On the other hand, No. Examples 6 to 17 are comparative examples in which one or more of the conditions according to the present invention are not satisfied, and one of the characteristics is insufficient.

[0025]No. No. 17 is SUS304, which has high mechanical properties and high magnetic permeability after bending, and is unstable in non-magnetism.

[0026]

[Effects of the Invention] Since the present invention is constructed as described above, it is a non-magnetic reinforcing bar that has low magnetic permeability and stable non-magnetism even after processing, and has good mechanical properties and rust resistance. It has now become possible to provide a non-magnetic reinforcing bar that has excellent hot workability, is easy to cut and bend during construction, and has excellent weldability.

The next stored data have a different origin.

(* Let $k\ge1$, $1\le m\le d$, $p\in[1,\infty]$, and let $v$ be an $\mathbb{R}^k$-valued $m$-vector in $\mathbb{R}^d$. Then \[ |v|_{\mathrm{mass},p}=\inf\Big\{\sum_{i=1}^l\|z_i\|_p\,|v_i|:\ v=\sum_{i=1}^lz_i\otimes v_i,\ z_i\in\mathbb{R}^k,\ v_i\text{ simple }m\text{-vectors in }\mathbb{R}^d\Big\}. \]
   Context: An $\mathbb{R}^k$-valued $m$-vector is $v=\sum_iv_i e_i$ with $v_i\in\Lambda_m(\mathbb{R}^d)$; an $(\mathbb{R}^k)^*$-valued $m$-covector is $w=\sum_iw_ie_i^*$ with $w_i\in\Lambda^m(\mathbb{R}^d)$, paired by $\langle w,v\rangle=\sum_i\langle w_i,v_i\rangle$. With $q$ conjugate to $p$ and $\|\cdot\|_p,\|\cdot\|_q$ the $\ell^p,\ell^q$ norms on $\mathbb{R}^k$: $|w|_{\mathrm{com},p}:=\sup\{\|(\langle w_1,\tau\rangle,\dots,\langle w_k,\tau\rangle)\|_q:\tau\text{ simple }m\text{-vector},|\tau|\le1\}$ and $|v|_{\mathrm{mass},p}:=\sup\{\langle w,v\rangle:|w|_{\mathrm{com},p}\le1\}$. $|\cdot|$ is the Euclidean norm on $\Lambda_m(\mathbb{R}^d)$. *)

theory Defs
  imports Complex_Main "HOL-Library.Extended_Real" "HOL-Combinatorics.Permutations"
begin

text \<open>An m-vector in R^d is represented by its coefficients w.r.t. the
 orthonormal basis e_I (I an m-element subset of {0..<d}, indices increasing).
 An R^k-valued m-vector is a function v :: nat => nat set => real, v i I being the
 I-th coefficient of the i-th component (i < k). Values outside the index range are ignored.\<close>

definition Idx :: "nat \<Rightarrow> nat \<Rightarrow> nat set set" where
  "Idx d m = {I. I \<subseteq> {..<d} \<and> card I = m}"

text \<open>Coefficients of u 0 \<and> ... \<and> u (m-1): the minors det(u_j(i_r)).\<close>
definition wedge :: "nat \<Rightarrow> (nat \<Rightarrow> nat \<Rightarrow> real) \<Rightarrow> nat set \<Rightarrow> real" where
  "wedge m u I = (\<Sum>\<sigma> | \<sigma> permutes {..<m}.
      of_int (sign \<sigma>) * (\<Prod>r<m. u (\<sigma> r) (sorted_list_of_set I ! r)))"

definition simple_mvec :: "nat \<Rightarrow> nat \<Rightarrow> (nat set \<Rightarrow> real) \<Rightarrow> bool" where
  "simple_mvec d m \<tau> \<longleftrightarrow>
     (\<exists>u::nat \<Rightarrow> nat \<Rightarrow> real. (\<forall>j<m. \<forall>x. x \<ge> d \<longrightarrow> u j x = 0) \<and>
        (\<forall>I\<in>Idx d m. \<tau> I = wedge m u I))"

definition mnorm :: "nat \<Rightarrow> nat \<Rightarrow> (nat set \<Rightarrow> real) \<Rightarrow> real" where
  "mnorm d m \<tau> = sqrt (\<Sum>I\<in>Idx d m. (\<tau> I)\<^sup>2)"

definition lpnorm :: "ereal \<Rightarrow> nat \<Rightarrow> (nat \<Rightarrow> real) \<Rightarrow> real" where
  "lpnorm p k z = (if p = \<infinity> then Max ((\<lambda>i. \<bar>z i\<bar>) ` {..<k})
     else (\<Sum>i<k. \<bar>z i\<bar> powr real_of_ereal p) powr (1 / real_of_ereal p))"

definition conj_exp :: "ereal \<Rightarrow> ereal" where
  "conj_exp p = (if p = 1 then \<infinity> else if p = \<infinity> then 1
     else ereal (real_of_ereal p / (real_of_ereal p - 1)))"

definition pairing :: "nat \<Rightarrow> nat \<Rightarrow> nat \<Rightarrow> (nat \<Rightarrow> nat set \<Rightarrow> real) \<Rightarrow> (nat \<Rightarrow> nat set \<Rightarrow> real) \<Rightarrow> real" where
  "pairing k d m w v = (\<Sum>i<k. \<Sum>I\<in>Idx d m. w i I * v i I)"

definition com_norm :: "ereal \<Rightarrow> nat \<Rightarrow> nat \<Rightarrow> nat \<Rightarrow> (nat \<Rightarrow> nat set \<Rightarrow> real) \<Rightarrow> real" where
  "com_norm p k d m w = Sup {lpnorm (conj_exp p) k (\<lambda>i. \<Sum>I\<in>Idx d m. w i I * \<tau> I) | \<tau>.
      simple_mvec d m \<tau> \<and> mnorm d m \<tau> \<le> 1}"

definition mass_norm :: "ereal \<Rightarrow> nat \<Rightarrow> nat \<Rightarrow> nat \<Rightarrow> (nat \<Rightarrow> nat set \<Rightarrow> real) \<Rightarrow> real" where
  "mass_norm p k d m v = Sup {pairing k d m w v | w. com_norm p k d m w \<le> 1}"

end

theory Submission
  imports Defs "HOL-Library.Function_Algebras" "HOL-Analysis.Convex"
begin
lemma std_simplex_nonneg: "p \<in> std_simplex \<Longrightarrow> 0 \<le> p $ x"
  by (simp add: std_simplex_def)

lemma std_simplex_sum: "p \<in> std_simplex \<Longrightarrow> (\<Sum>x\<in>UNIV. p $ x) = 1"
  by (simp add: std_simplex_def)

lemma convex_std_simplex: "convex std_simplex"
proof (rule convexI)
  fix p q :: "real^'m" and u v :: real
  assume "p \<in> std_simplex" "q \<in> std_simplex" "0 \<le> u" "0 \<le> v" "u + v = 1"
  then show "u *\<^sub>R p + v *\<^sub>R q \<in> std_simplex"
    by (simp add: std_simplex_def sum.distrib flip: sum_distrib_left)
qed

lemma closed_std_simplex: "closed std_simplex"
proof -
  have "std_simplex = {p. \<forall>x. 0 \<le> p $ x} \<inter> {p. (\<Sum>x\<in>UNIV. p $ x) = 1}"
    by (auto simp: std_simplex_def)
  moreover have "closed {p :: real^'m. \<forall>x. 0 \<le> p $ x}"
    by (intro closed_Collect_all closed_Collect_le continuous_intros)
  moreover have "closed {p :: real^'m. (\<Sum>x\<in>UNIV. p $ x) = 1}"
    by (intro closed_Collect_eq continuous_intros)
  ultimately show ?thesis by (metis closed_Int)
qed

lemma compact_std_simplex: "compact std_simplex"
proof -
  have "norm p \<le> 1" if "p \<in> std_simplex" for p :: "real^'m"
    using norm_le_l1_cart[of p] that by (simp add: std_simplex_nonneg std_simplex_sum)
  then show ?thesis
    using closed_std_simplex by (auto simp: compact_eq_bounded_closed bounded_iff)
qed

lemma std_simplex_nonempty: "std_simplex \<noteq> {}"
proof -
  have "(\<chi> x. 1 / real CARD('m)) \<in> (std_simplex :: (real^'m::finite) set)"
    by (simp add: std_simplex_def)
  then show ?thesis by blast
qed

lemma std_simplex_eq_if_agree_off:
  assumes "p \<in> std_simplex" "q \<in> std_simplex" and eq: "\<And>y. y \<noteq> x \<Longrightarrow> p $ y = q $ y"
  shows "p = q"
proof -
  have "p $ x + (\<Sum>y\<in>UNIV - {x}. p $ y) = q $ x + (\<Sum>y\<in>UNIV - {x}. q $ y)"
    using assms(1,2) by (simp add: std_simplex_sum flip: sum.remove)
  moreover have "(\<Sum>y\<in>UNIV - {x}. p $ y) = (\<Sum>y\<in>UNIV - {x}. q $ y)"
    using eq by (intro sum.cong) auto
  ultimately have "p $ x = q $ x" by simp
  with eq show ?thesis unfolding vec_eq_iff by metis
qed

[Brief explanation of drawings]

FIG. 1 is a graph showing the relationship between the C+1.5 N content and mechanical properties of high Mn steel.

FIG. 2 is a graph showing the relationship between C content of high Mn steel and bending workability after pressure welding.

3 is a graph showing the pressure welding conditions performed in the test of FIG. 2. FIG.

Claims (1)

[Claims] [Claim 1] C: 0.25% (meaning of weight %, the same applies hereinafter) or more 0
．． Contains less than 4% Si: 0.1% to 1.0% Mn: 20% to 24% Cr: 7% to less than 10% N: 0.08% to 0.18%, the remainder being Fe and unavoidable impurities A non-magnetic reinforcing bar comprising: and adjusted to satisfy C+1.5 N>0.4%.